lemma code_overhead_le:
  "code_overhead Q n \<le> (1 + log 2 (1 + ln (real (card (UNIV::'x set)))) + 2 * log 2 (2 + self_info_bound Q))
     + (3 + real (card (UNIV::'z set))) * log 2 (real n + 1)"
proof -
  have "ln (real (card (UNIV::'x set))) \<ge> 0" by (simp add: card_gt_0_iff Suc_le_eq)
  then have "log 2 (1 + real n * ln (real (card (UNIV::'x set))))
      \<le> log 2 (1 + ln (real (card (UNIV::'x set)))) + log 2 (real n + 1)"
    by (rule log_affine_le) simp
  moreover have "log 2 (2 + real n * self_info_bound Q) \<le> log 2 (2 + self_info_bound Q) + log 2 (real n + 1)"
    using self_info_bound_nonneg by (rule log_affine_le) simp
  ultimately show ?thesis unfolding code_overhead_def by (simp add: algebra_simps)
qed

lemma cover_coloring_entropy_le:
  assumes "\<And>z. mutual_info (Gz_dist P g z) (Q z) \<le> korner_entropy (Gz_adj P f g z) (Gz_dist P g z) + \<epsilon>"
  shows "coloring_entropy P g n (cover_coloring Q n) \<le> real n * (korner_rate + \<epsilon>) + code_overhead Q n"
proof -
  have "(\<Sum>z\<in>UNIV. PgY P g z * (\<Sum>x\<in>UNIV. Gz_dist P g z x * - log 2 (hit_prob Q z x)))
      \<le> (\<Sum>z\<in>UNIV. PgY P g z * (korner_entropy (Gz_adj P f g z) (Gz_dist P g z) + \<epsilon>))"
    using expected_neg_log_hit_prob_le[OF Q] assms PgY_pos
    by (intro sum_mono mult_left_mono) (auto intro: order_trans less_imp_le)
  also have "\<dots> = korner_rate + \<epsilon>"
    by (simp add: korner_rate_def distrib_left sum.distrib sum_distrib_right[symmetric] sum_PgY)
  finally have "(\<Sum>v\<in>verts n. vprob v * self_info Q n v) \<le> real n * (korner_rate + \<epsilon>)"
    unfolding expected_self_info by (rule mult_left_mono) simp
  then show ?thesis using coloring_entropy_cover_coloring_le[of n] by linarith
qed

end

lemma near_optimal_family:
  assumes "\<epsilon> > 0"
  obtains Q where "admissible_family Q"
    "\<And>z. mutual_info (Gz_dist P g z) (Q z) \<le> korner_entropy (Gz_adj P f g z) (Gz_dist P g z) + \<epsilon>"
proof -
  have "\<exists>Qz. admissible_cond (Gz_adj P f g z) Qz
      \<and> mutual_info (Gz_dist P g z) Qz \<le> korner_entropy (Gz_adj P f g z) (Gz_dist P g z) + \<epsilon>" for z
  proof -
    obtain Qz where "admissible_cond (Gz_adj P f g z) Qz"
      "mutual_info (Gz_dist P g z) Qz < korner_entropy (Gz_adj P f g z) (Gz_dist P g z) + \<epsilon>"
      using korner_entropy_approx[of "Gz_adj P f g z", OF Gz_adj_irrefl assms] .
    then show ?thesis by (intro exI[of _ Qz]) simp
  qed
  then obtain Q where "\<forall>z. admissible_cond (Gz_adj P f g z) (Q z)
      \<and> mutual_info (Gz_dist P g z) (Q z) \<le> korner_entropy (Gz_adj P f g z) (Gz_dist P g z) + \<epsilon>"
    using choice[of "\<lambda>z Qz. admissible_cond (Gz_adj P f g z) Qz
      \<and> mutual_info (Gz_dist P g z) Qz \<le> korner_entropy (Gz_adj P f g z) (Gz_dist P g z) + \<epsilon>"] by blast
  then show ?thesis using that unfolding admissible_family_def by blast
qed

lemma Inf_coloring_entropy_bounds:
  assumes "admissible_family Q"
  shows "real n * korner_rate \<le> Inf {coloring_entropy P g n ct | ct. Sn_coloring P f g n ct}"
    and "Inf {coloring_entropy P g n ct | ct. Sn_coloring P f g n ct} \<le> coloring_entropy P g n (cover_coloring Q n)"
proof -
  let ?S = "{coloring_entropy P g n ct | ct. Sn_coloring P f g n ct}"
  have lower: "\<forall>h\<in>?S. real n * korner_rate \<le> h" using coloring_entropy_ge_korner_rate by blast
  have upper: "coloring_entropy P g n (cover_coloring Q n) \<in> ?S" using cover_coloring_Sn[OF assms] by blast
  show "real n * korner_rate \<le> Inf ?S" using lower upper by (intro cInf_greatest) auto
  show "Inf ?S \<le> coloring_entropy P g n (cover_coloring Q n)"
    using lower upper by (intro cInf_lower bdd_belowI[of _ "real n * korner_rate"]) auto
qed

━━━━━━━━━━━━━━━━━━━━━━━━━━━━━━

Problem to solve -
Word for word, restate only the lines from the one containing "(intro cInf_greatest) auto" through the last line of the entries, with both ends kept.

Finished task -
  show "real n * korner_rate \<le> Inf ?S" using lower upper by (intro cInf_greatest) auto
  show "Inf ?S \<le> coloring_entropy P g n (cover_coloring Q n)"
    using lower upper by (intro cInf_lower bdd_belowI[of _ "real n * korner_rate"]) auto
qed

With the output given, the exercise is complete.